(EXERCISE INSTRUCTIONS): Repeat nothing but the lines below running from the one containing "set \<Rightarrow> ('e" to the one containing "ln (SUP x. \<integral>\<omega>.". Keep both end lines.

(DATASET RECORDS):
definition bdd_stopping_times ::
  "'w measure \<Rightarrow> (real \<Rightarrow> 'w measure) \<Rightarrow> 'w measure \<Rightarrow> ('w \<Rightarrow> real) set" where
  "bdd_stopping_times A F Px =
     {\<tau>. stopping_time F \<tau> \<and> (\<forall>\<omega>\<in>space A. 0 \<le> \<tau> \<omega>) \<and> (\<exists>C. AE \<omega> in Px. \<tau> \<omega> \<le> C)}"

definition Mop :: "('e \<Rightarrow> 'e \<Rightarrow> real) \<Rightarrow> 'e set \<Rightarrow> ('e \<Rightarrow> real) \<Rightarrow> 'e \<Rightarrow> real" where
  "Mop c U h x = (SUP \<xi>\<in>U. c x \<xi> + h \<xi>)"

definition growth_quot :: "('e \<Rightarrow> 'w measure) \<Rightarrow> (real \<Rightarrow> 'w \<Rightarrow> 'e) \<Rightarrow> ('e \<Rightarrow> real) \<Rightarrow> real \<Rightarrow> real" where
  "growth_quot P X g t =
     ln (SUP x. \<integral>\<omega>. exp (LINT s:{0..t}|lborel. g (X s \<omega>)) \<partial>P x) / t"

definition rate :: "('e \<Rightarrow> 'w measure) \<Rightarrow> (real \<Rightarrow> 'w \<Rightarrow> 'e) \<Rightarrow> ('e \<Rightarrow> real) \<Rightarrow> real" where
  "rate P X g = Lim at_top (growth_quot P X g)"

end

theory Submission
  imports Defs
begin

(RESPONSE TO THIS EXERCISE):
definition Mop :: "('e \<Rightarrow> 'e \<Rightarrow> real) \<Rightarrow> 'e set \<Rightarrow> ('e \<Rightarrow> real) \<Rightarrow> 'e \<Rightarrow> real" where
  "Mop c U h x = (SUP \<xi>\<in>U. c x \<xi> + h \<xi>)"

definition growth_quot :: "('e \<Rightarrow> 'w measure) \<Rightarrow> (real \<Rightarrow> 'w \<Rightarrow> 'e) \<Rightarrow> ('e \<Rightarrow> real) \<Rightarrow> real \<Rightarrow> real" where
  "growth_quot P X g t =
     ln (SUP x. \<integral>\<omega>. exp (LINT s:{0..t}|lborel. g (X s \<omega>)) \<partial>P x) / t"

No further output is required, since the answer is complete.